Gerakan yang sederhana, tapi terasa seperti perisai yang selalu Jaehyun kenakan, memperlakukan Taeyong dengan baik… terlalu baik… bahkan saat hatinya sendiri sedang luka.

Taeyong menatap wajah Jaehyun dari tempat duduknya. Wajah itu masih sama, tenang, dingin, dan penuh kendali. Tapi hanya dia yang tahu kalau ketenangan itu bisa saja pecah kapan pun.

Namun malam ini, Jaehyun masih memilih diam.

Dengan pelan, Taeyong keluar dari mobil. Keduanya melangkah bersama menaiki anak tangga beranda dan begitu pintu rumah terbuka, aroma hangat khas rumah langsung menyambut mereka.

Taeyong menunduk sedikit saat masuk, melepas sepatunya perlahan. Jaehyun mengikutinya. Tak satu pun dari mereka menyalakan televisi, tak satu pun dari mereka memutar musik. Rumah itu sunyi, tapi tidak kosong.

Sebelum naik ke lantai dua, langkah Jaehyun terhenti di anak tangga pertama. Ia berbalik, menatap Taeyong yang masih berdiri di ruang tengah dengan jas dokter yang belum dilepas.

“Ganti baju dulu. Nanti masuk angin.” Ucapnya singkat, suara yang lebih menyerupai gumaman lembut daripada perintah.

Taeyong mengangguk pelan.

Jaehyun tidak menunggu lebih lama. Ia melanjutkan langkahnya ke atas, masuk ke kamar, dan menutup pintu tanpa suara.

**

Setelah berganti pakaian, Taeyong kembali turun. Kakinya melangkah pelan, seperti masih menimbang apakah ia benar-benar ingin membicarakan hal ini malam ini.

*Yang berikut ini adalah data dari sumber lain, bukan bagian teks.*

text \<open>
  The push number of an edge is \<open>dart_push g\<close> for either dart \<open>g\<close> of it: the pattern summed
  over the two regions beside \<open>g\<close>. At an irreducible vertex all increments equal one
  non-zero-divisor, so a null pattern sums to \<open>0\<close> over the four regions around the vertex;
  these are exactly the regions beside two opposite darts, hence opposite edges at a crossing
  have opposite push numbers. Walking along a strand (to the other end of the edge, then
  straight through the crossing) therefore alternates the sign. A knot is traversed by two
  strands, starting at the two ends \<open>h\<^sub>0\<close>, \<open>\<alpha> h\<^sub>0\<close> of one edge, so every push number is
  \<open>\<plusminus>dart_push h\<^sub>0\<close>. Edges at a common vertex without a common region are opposite there,
  which gives the second claim.
\<close>

lemma card_4_distinct:
  assumes "card {a, b, c, d} = (4::nat)"
  shows "a \<noteq> b \<and> a \<noteq> c \<and> a \<noteq> d \<and> b \<noteq> c \<and> b \<noteq> d \<and> c \<noteq> d"
proof -
  have "card {a, b, c, d} \<le> 4 - (if a = b \<or> a = c \<or> a = d \<or> b = c \<or> b = d \<or> c = d then 1 else 0)"
    by (auto simp: card_insert_if insert_commute)
  then show ?thesis
    using assms by (auto split: if_splits)
qed
lemma nth_vadd: "j < length p \<Longrightarrow> j < length q \<Longrightarrow> vadd p q ! j = p ! j + q ! j"
  by (simp add: vadd_def)

lemma adj_sym:
  assumes "adj k p q"
  shows "adj k q p"
proof -
  from assms obtain i where i: "i < 2 * k" "q = vadd p (eps k i)" and pq: "pos k p" "pos k q"
    unfolding adj_def by blast
  define i' where "i' = (if i < k then i + k else i - k)"
  have "i' < 2 * k"
    using i(1) by (auto simp: i'_def)
  moreover have "p = vadd q (eps k i')"
    using pq i by (intro nth_equalityI) (auto simp: pos_def nth_vadd nth_eps i'_def)
  ultimately show ?thesis
    using pq unfolding adj_def by blast
qed

lemma adj_irrefl: "\<not> adj k p p"
proof
  assume "adj k p p"
  then obtain i where i: "i < 2 * k" "p = vadd p (eps k i)" and "pos k p"
    unfolding adj_def by blast
  define j where "j = (if i < k then i else i - k)"
  have j: "j < k"
    using i(1) by (auto simp: j_def)
  have "p ! j = p ! j + eps k i ! j"
    using j \<open>pos k p\<close> by (subst (1) i(2)) (simp add: nth_vadd pos_def)
  then show False
    using j by (simp add: nth_eps j_def split: if_splits)
qed

definition induced_path :: "nat \<Rightarrow> int list list \<Rightarrow> bool" where
  "induced_path k ps \<longleftrightarrow> distinct ps \<and>
     (\<forall>l. Suc l < length ps \<longrightarrow> adj k (ps ! l) (ps ! Suc l)) \<and>
     (\<forall>l m. l < length ps \<and> m < length ps \<and> l + 2 \<le> m \<longrightarrow> \<not> adj k (ps ! l) (ps ! m))"

lemma gconfig_imp_induced_path:
  "gconfig k C \<Longrightarrow> \<exists>ps. induced_path k ps \<and> origin k \<in> set ps \<and> C = set ps"
  unfolding gconfig_def induced_path_def by blast

lemma induced_path_distinct: "induced_path k ps \<Longrightarrow> distinct ps"
  by (simp add: induced_path_def)

lemma induced_path_adj_iff:
  assumes "induced_path k ps" "l < length ps" "m < length ps"
  shows "adj k (ps ! l) (ps ! m) \<longleftrightarrow> m = Suc l \<or> l = Suc m"
proof
  assume a: "adj k (ps ! l) (ps ! m)"
  have "l \<noteq> m"
    using a adj_irrefl by blast
  moreover have "\<not> l + 2 \<le> m" "\<not> m + 2 \<le> l"
    using a adj_sym[OF a] assms unfolding induced_path_def by blast+
  ultimately show "m = Suc l \<or> l = Suc m"
    by linarith
next
  assume "m = Suc l \<or> l = Suc m"
  then show "adj k (ps ! l) (ps ! m)"
    using assms adj_sym unfolding induced_path_def by blast
qed

lemma induced_path_rev:
  assumes "induced_path k ps"
  shows "induced_path k (rev ps)"
  unfolding induced_path_def
proof (intro conjI allI impI)
  show "distinct (rev ps)"
    using assms by (simp add: induced_path_def)
next
  fix l assume "Suc l < length (rev ps)"
  then show "adj k (rev ps ! l) (rev ps ! Suc l)"
    using induced_path_adj_iff[OF assms, of "length ps - Suc l" "length ps - Suc (Suc l)"]
    by (simp add: rev_nth Suc_diff_Suc)
next
  fix l m assume lm: "l < length (rev ps) \<and> m < length (rev ps) \<and> l + 2 \<le> m"
  then have "\<not> adj k (ps ! (length ps - Suc l)) (ps ! (length ps - Suc m))"
    by (subst induced_path_adj_iff[OF assms]) auto
  then show "\<not> adj k (rev ps ! l) (rev ps ! m)"
    using lm by (simp add: rev_nth)
qed

definition idist :: "nat \<Rightarrow> nat \<Rightarrow> nat" where
  "idist i j = (if i \<le> j then j - i else i - j)"

lemma walk_in_induced_path_length_ge:
  assumes ps: "induced_path k ps" and "i < length ps" "j < length ps"
    and "walk_in k (set ps) (ps ! i) (ps ! j) n"
  shows "idist i j \<le> n"
proof -
  from assms(4) obtain xs where xs: "length xs = Suc n" "hd xs = ps ! i" "last xs = ps ! j"
    "set xs \<subseteq> set ps" "\<forall>r<n. adj k (xs ! r) (xs ! Suc r)"
    unfolding walk_in_def by blast
  \<comment> \<open>each step of the walk moves one index along \<open>ps\<close>\<close>
  have "\<exists>m<length ps. xs ! r = ps ! m \<and> idist i m \<le> r" if "r \<le> n" for r
    using that
  proof (induction r)
    case 0
    have "xs ! 0 = ps ! i"
      using xs(1,2) by (cases xs) auto
    then show ?case
      using assms(2) by (auto simp: idist_def)
  next
    case (Suc r)
    then obtain m where m: "m < length ps" "xs ! r = ps ! m" "idist i m \<le> r"
      by auto
    have "xs ! Suc r \<in> set ps"
      using xs(1,4) Suc.prems by (simp add: subset_code(1))
    then obtain m' where m': "m' < length ps" "xs ! Suc r = ps ! m'"
      by (metis in_set_conv_nth)
    have "adj k (ps ! m) (ps ! m')"
      using xs(5) m(2) m'(2) Suc.prems by (metis Suc_le_lessD)
    then have "m' = Suc m \<or> m = Suc m'"
      using induced_path_adj_iff[OF ps m(1) m'(1)] by blast
    then have "idist i m' \<le> Suc r"
      using m(3) by (auto simp: idist_def split: if_splits)
    then show ?case
      using m' by blast
  qed
  then obtain m where m: "m < length ps" "xs ! n = ps ! m" "idist i m \<le> n"
    by blast
  have "xs ! n = ps ! j"
    using xs(1,3) last_conv_nth[of xs] by (cases xs) auto
  then have "m = j"
    using m(1,2) assms(3) induced_path_distinct[OF ps] by (simp add: nth_eq_iff_index_eq)
  then show ?thesis
    using m(3) by simp
qed
lemma index_kron:
  assumes "i < dim_row P" "b < dim_row Q" "j < dim_col P" "a < dim_col Q"
  shows "kron P Q $$ (i * dim_row Q + b, j * dim_col Q + a) = P $$ (i,j) * Q $$ (b,a)"
proof -
  have "i * dim_row Q + b < dim_row P * dim_row Q" "j * dim_col Q + a < dim_col P * dim_col Q"
    using assms by (simp_all add: block_index_less)
  then show ?thesis using assms unfolding kron_def by simp
qed

lemma kron_mult_kron:
  fixes P Q R S :: "'a::comm_semiring_1 mat"
  assumes "dim_col P = dim_row R" "dim_col Q = dim_row S"
  shows "kron P Q * kron R S = kron (P * R) (Q * S)"
proof (rule eq_mat_blockI)
  fix i b j a assume i: "i < dim_row P" and b: "b < dim_row Q" and j: "j < dim_col R" and a: "a < dim_col S"
  have "(kron P Q * kron R S) $$ (i * dim_row Q + b, j * dim_col S + a) =
      (\<Sum>k < dim_col P * dim_col Q. kron P Q $$ (i * dim_row Q + b, k) * kron R S $$ (k, j * dim_col S + a))"
    using i b j a block_index_less assms
    by (simp add: scalar_prod_def lessThan_atLeast0 mult.commute)
  also have "\<dots> = (\<Sum>c < dim_col P. \<Sum>e < dim_col Q. (P $$ (i,c) * R $$ (c,j)) * (Q $$ (b,e) * S $$ (e,a)))"
    unfolding sum_nat_blocks
  proof (intro sum.cong refl)
    fix c e assume "c \<in> {..<dim_col P}" "e \<in> {..<dim_col Q}"
    then have "kron P Q $$ (i * dim_row Q + b, c * dim_col Q + e) = P $$ (i,c) * Q $$ (b,e)"
      and "kron R S $$ (c * dim_col Q + e, j * dim_col S + a) = R $$ (c,j) * S $$ (e,a)"
      using index_kron[of i P b Q c e] index_kron[of c R e S j a] i b j a assms by auto
    then show "kron P Q $$ (i * dim_row Q + b, c * dim_col Q + e) * kron R S $$ (c * dim_col Q + e, j * dim_col S + a)
        = P $$ (i,c) * R $$ (c,j) * (Q $$ (b,e) * S $$ (e,a))"
      by (simp add: ac_simps)
  qed
  also have "\<dots> = (P * R) $$ (i,j) * (Q * S) $$ (b,a)"
    using i b j a assms by (simp add: scalar_prod_def sum_product lessThan_atLeast0)
  also have "\<dots> = kron (P * R) (Q * S) $$ (i * dim_row Q + b, j * dim_col S + a)"
    using index_kron[of i "P * R" b "Q * S" j a] i b j a by simp
  finally show "(kron P Q * kron R S) $$ (i * dim_row Q + b, j * dim_col S + a) =
      kron (P * R) (Q * S) $$ (i * dim_row Q + b, j * dim_col S + a)" .
qed (auto intro: carrier_matI)
(* Let $Q>0$, $\alpha>0$, $\beta\ge1$, and let the inverse demand function be $p(q)=\alpha(Q-q)^{\beta}$ for $0\le q\le Q$ and $p(q)=0$ for $q>Q$. Suppose the cost functions satisfy Assumptions 1, 3 and 4, and that there is a best supplier $k$ whose cost function is linear, $C_k(x)=cx$ with $0<c<\alpha Q^\beta$, and satisfies $C_k'(x)\le C_m'(x)$ for every supplier $m$ and every $x>0$. Then every Cournot equilibrium $\mathbf{x}$ satisfies $$\gamma(\mathbf{x})\ge f\!\left(\Big(\frac{p(0)}{c}\Big)^{(\beta-1)/\beta}\right)\quad\text{and}\quad \gamma(\mathbf{x})\ge f\!\left(\Big(\frac{p(X)}{c}\Big)^{(\beta-1)/\beta}\right),$$ where $X=\sum_n x_n$.
   Context: Cournot model: $N$ suppliers, inverse demand $p$, supplier $n$ has cost $C_n:[0,\infty)\to[0,\infty)$ and chooses $x_n\ge0$; $X=\sum_n x_n$; payoff of $n$ is $x_np(X)-C_n(x_n)$. A Cournot equilibrium is a profile $\mathbf{x}\ge0$ such that no supplier can increase its payoff by unilaterally changing its quantity to any $x\ge0$. $C_n'(0)$ is the right derivative at $0$. Assumption 1: each $C_n$ is convex, continuous, nondecreasing on $[0,\infty)$, continuously differentiable on $(0,\infty)$, with $C_n(0)=0$. Assumption 3: there exists $R>0$ such that $p(R)\le\min_n C_n'(0)$. Assumption 4: $p(0)>\min_n C_n'(0)$. Social welfare of $\mathbf{x}\ge0$: $W(\mathbf{x})=\int_0^X p(q)\,dq-\sum_{n=1}^N C_n(x_n)$; a social optimum $\mathbf{x}^S$ maximizes $W$. Efficiency: $\gamma(\mathbf{x})=W(\mathbf{x})/W(\mathbf{x}^S)$. For $\overline c\ge1$: $f(\overline c)=\dfrac{\phi^2+2}{\phi^2+2\phi+\overline c}$ with $\phi=\max\left\{\dfrac{2-\overline c+\sqrt{\overline c^{\,2}-4\overline c+12}}{2},1\right\}$. *)

theory Defs
  imports "HOL-Analysis.Analysis"
begin

definition total :: "nat \<Rightarrow> (nat \<Rightarrow> real) \<Rightarrow> real" where
  "total N x = (\<Sum>n<N. x n)"

definition payoff :: "nat \<Rightarrow> (real \<Rightarrow> real) \<Rightarrow> (nat \<Rightarrow> real \<Rightarrow> real) \<Rightarrow> (nat \<Rightarrow> real) \<Rightarrow> nat \<Rightarrow> real" where
  "payoff N p C x n = x n * p (total N x) - C n (x n)"

definition cournot_eq :: "nat \<Rightarrow> (real \<Rightarrow> real) \<Rightarrow> (nat \<Rightarrow> real \<Rightarrow> real) \<Rightarrow> (nat \<Rightarrow> real) \<Rightarrow> bool" where
  "cournot_eq N p C x \<longleftrightarrow> (\<forall>n<N. 0 \<le> x n) \<and>
     (\<forall>n<N. \<forall>y\<ge>0. payoff N p C (x(n := y)) n \<le> payoff N p C x n)"

definition welfare :: "nat \<Rightarrow> (real \<Rightarrow> real) \<Rightarrow> (nat \<Rightarrow> real \<Rightarrow> real) \<Rightarrow> (nat \<Rightarrow> real) \<Rightarrow> real" where
  "welfare N p C x = integral {0..total N x} p - (\<Sum>n<N. C n (x n))"

definition social_opt :: "nat \<Rightarrow> (real \<Rightarrow> real) \<Rightarrow> (nat \<Rightarrow> real \<Rightarrow> real) \<Rightarrow> (nat \<Rightarrow> real) \<Rightarrow> bool" where
  "social_opt N p C xS \<longleftrightarrow> (\<forall>n<N. 0 \<le> xS n) \<and>
     (\<forall>y. (\<forall>n<N. 0 \<le> y n) \<longrightarrow> welfare N p C y \<le> welfare N p C xS)"

definition rderiv0 :: "(real \<Rightarrow> real) \<Rightarrow> real" where
  "rderiv0 f = (THE d. (f has_real_derivative d) (at_right 0))"

definition assm1 :: "(real \<Rightarrow> real) \<Rightarrow> bool" where
  "assm1 f \<longleftrightarrow> convex_on {0..} f \<and> continuous_on {0..} f \<and> mono_on {0..} f \<and>
     (\<exists>D. (\<forall>x>0. (f has_real_derivative D x) (at x)) \<and> continuous_on {0<..} D) \<and>
     f 0 = 0"

definition min_rderiv0 :: "nat \<Rightarrow> (nat \<Rightarrow> real \<Rightarrow> real) \<Rightarrow> real" where
  "min_rderiv0 N C = Min ((\<lambda>n. rderiv0 (C n)) ` {..<N})"

definition phi_fn :: "real \<Rightarrow> real" where
  "phi_fn cb = max ((2 - cb + sqrt (cb^2 - 4*cb + 12)) / 2) 1"

definition f_bound :: "real \<Rightarrow> real" where
  "f_bound cb = ((phi_fn cb)^2 + 2) / ((phi_fn cb)^2 + 2 * phi_fn cb + cb)"

end

theory Submission
  imports Defs
begin

(* Since the best supplier k
   has constant marginal cost c and every other marginal cost is at least c, every cost
   satisfies C_n(y) >= c y, and the social optimum is to let k alone produce the quantity
   XS with p(XS) = c; hence W(xS) = D = integral_0^XS p - c XS.  At a Cournot equilibrium
   with total X, every supplier earns a nonnegative profit and k's cost is c x_k, so
   W(x) >= integral_0^X p - p(X)(X - x_k) - c x_k.  If p(X) <= c this already gives
   W(x) >= D.  Otherwise k's first-order condition gives p(X) - c <= d x_k with
   d = -p'(X); convexity of p bounds integral_0^X p from below by its tangent at X,
   integral_X^XS p from above by the chord, and (XS - X) d by (p(X) - c) cb whenever
   cb >= (p(X)/c)^((beta-1)/beta); what remains is a quadratic inequality in X that holds
   exactly with the constant f(cb).  Both bounds of the theorem follow since
   (p(X)/c)^((beta-1)/beta) <= (p(0)/c)^((beta-1)/beta). *)

section \<open>The power inverse demand\<close>

definition power_demand :: "real \<Rightarrow> real \<Rightarrow> real \<Rightarrow> real \<Rightarrow> real" where
  "power_demand \<alpha> Q \<beta> q = \<alpha> * max (Q - q) 0 powr \<beta>"

lemma power_demand_eq:
  assumes "\<And>q. p q = (if q \<le> Q then \<alpha> * (Q - q) powr \<beta> else 0)"
  shows "p = power_demand \<alpha> Q \<beta>"
  using assms by (auto simp: power_demand_def max_def fun_eq_iff)

lemma power_demand_inside: "q \<le> Q \<Longrightarrow> power_demand \<alpha> Q \<beta> q = \<alpha> * (Q - q) powr \<beta>"
  by (simp add: power_demand_def)

lemma power_demand_nonneg: "\<alpha> \<ge> 0 \<Longrightarrow> power_demand \<alpha> Q \<beta> q \<ge> 0"
  by (simp add: power_demand_def)

lemma power_demand_antimono:
  assumes "\<alpha> \<ge> 0" "\<beta> \<ge> 0" "a \<le> b"
  shows "power_demand \<alpha> Q \<beta> b \<le> power_demand \<alpha> Q \<beta> a"
  using assms unfolding power_demand_def by (intro mult_left_mono powr_mono2) (auto simp: max_def)

lemma power_demand_integrable:
  assumes "\<beta> > 0"
  shows "power_demand \<alpha> Q \<beta> integrable_on {a..b}"
proof (rule integrable_continuous_interval)
  show "continuous_on {a..b} (power_demand \<alpha> Q \<beta>)"
    unfolding power_demand_def
    by (intro continuous_intros continuous_on_powr') (use assms in \<open>auto intro!: continuous_intros\<close>)
qed

lemma power_demand_attains_price:
  assumes "\<alpha> > 0" "\<beta> > 0" "Q > 0" "0 < c" "c < \<alpha> * Q powr \<beta>"
  obtains XS where "0 < XS" "XS < Q" "power_demand \<alpha> Q \<beta> XS = c"
proof
  define s where "s = (c / \<alpha>) powr (1 / \<beta>)"
  have s: "s > 0" unfolding s_def using assms by simp
  have "s < (Q powr \<beta>) powr (1 / \<beta>)" unfolding s_def
    using assms by (intro powr_less_mono2) (auto simp: pos_divide_less_eq mult.commute)
  also have "\<dots> = Q" using assms by (simp add: powr_powr)
  finally show "0 < Q - s" "Q - s < Q" using s by auto
  have "\<alpha> * s powr \<beta> = c" unfolding s_def using assms by (simp add: powr_powr)
  then show "power_demand \<alpha> Q \<beta> (Q - s) = c" using s by (simp add: power_demand_def)
qed

section \<open>Integral estimates from convexity\<close>

lemma powr_above_tangent:
  fixes \<beta> s u :: real
  assumes "\<beta> \<ge> 1" "s > 0" "u > 0"
  shows "\<beta> * s powr (\<beta> - 1) * (u - s) \<le> u powr \<beta> - s powr \<beta>"
proof -
  have "(\<beta> * s powr (\<beta> - 1)) * (u - s) \<le> u powr \<beta> - s powr \<beta>"
  proof (rule f''_imp_f'[where C="{0<..}" and f="\<lambda>x. x powr \<beta>" and f'="\<lambda>x. \<beta> * x powr (\<beta> - 1)"
        and f''="\<lambda>x. \<beta> * ((\<beta> - 1) * x powr (\<beta> - 1 - 1))"])
    fix x :: real assume x: "x \<in> {0<..}"
    show "DERIV (\<lambda>x. x powr \<beta>) x :> \<beta> * x powr (\<beta> - 1)"
      using x by (auto intro!: derivative_eq_intros)
    show "DERIV (\<lambda>x. \<beta> * x powr (\<beta> - 1)) x :> \<beta> * ((\<beta> - 1) * x powr (\<beta> - 1 - 1))"
      using x by (auto intro!: derivative_eq_intros)
    show "0 \<le> \<beta> * ((\<beta> - 1) * x powr (\<beta> - 1 - 1))"
      using x assms by auto
  qed (use assms in auto)
  then show ?thesis by simp
qed

lemma affine_has_integral:
  fixes a b lo hi :: real
  assumes "lo \<le> hi"
  shows "((\<lambda>q. a + b * (hi - q)) has_integral (a * (hi - lo) + b * (hi - lo)^2 / 2)) {lo..hi}"
proof -
  have "((\<lambda>q. a + b * (hi - q)) has_integral
      ((\<lambda>q. a * q - b * (hi - q)^2/2) hi - (\<lambda>q. a * q - b * (hi - q)^2/2) lo)) {lo..hi}"
    using assms
    by (intro fundamental_theorem_of_calculus)
       (auto intro!: derivative_eq_intros
             simp: has_real_derivative_iff_has_vector_derivative[symmetric] field_simps)
  then show ?thesis by (simp add: power2_eq_square algebra_simps)
qed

Tapi langkahnya terus berjalan, hingga akhirnya ia menemukan Jaehyun duduk di sofa, mengenakan kaus rumah dan celana kain longgar, dengan segelas air di tangan yang sudah tak lagi ia teguk.

Jaehyun tahu. Ia pasti tahu ada yang ingin Taeyong katakan.

Dan benar saja. Taeyong duduk di sebelahnya, menyisakan sedikit jarak.

“Kau mau minum?” Tawarnya pelan.

Taeyong menggeleng.

Lalu ia menarik napas panjang. “Aku… perlu bicara.”

Jaehyun mengangguk sekali. “Aku di sini.”

Diam sebentar, sebelum akhirnya membuka suara dengan lirih. “Tadi… aku ke rooftop setelah selesai konsultasi.”

Jaehyun menoleh sedikit. “Dengan Mingyu?”

Taeyong mengangguk sekali. “Dia mengajakku. Katanya untuk melepas lelah.”

Keheningan merambat, tapi Taeyong melanjutkan.

“Kami hanya menikmati angin sore dan bicara. Tentang pasien. Tentang hari ini. Sampai… sampai suasananya berubah.”

Jaehyun tidak menyela. Ia hanya mendengarkan, seperti biasa. Tapi kedua tangannya kini saling menggenggam di atas lututnya, menunjukkan bahwa ia menahan sesuatu.

“Mingyu… dia mencoba mendekat.” Suara Taeyong melemah, namun nadanya jelas. “Dan aku… aku tidak bergerak. Aku tidak menjauh. Aku bahkan…”

Ia menunduk, menatap lantai seolah menghindari tatapan Jaehyun.

“Aku bahkan hampir membiarkannya melewati batas.”

Keheningan kembali jatuh. Lebih berat dari sebelumnya.

Butuh waktu beberapa detik sebelum Jaehyun merespons. Ia tidak terlihat kaget. Tidak juga marah. Hanya ada satu anggukan kecil, tanda ia mendengar.

“Tapi sebelum semuanya benar-benar terjadi… wajahmu tiba-tiba muncul di kepalaku.”

Mata Taeyong mulai memanas, meski ia berusaha menahannya.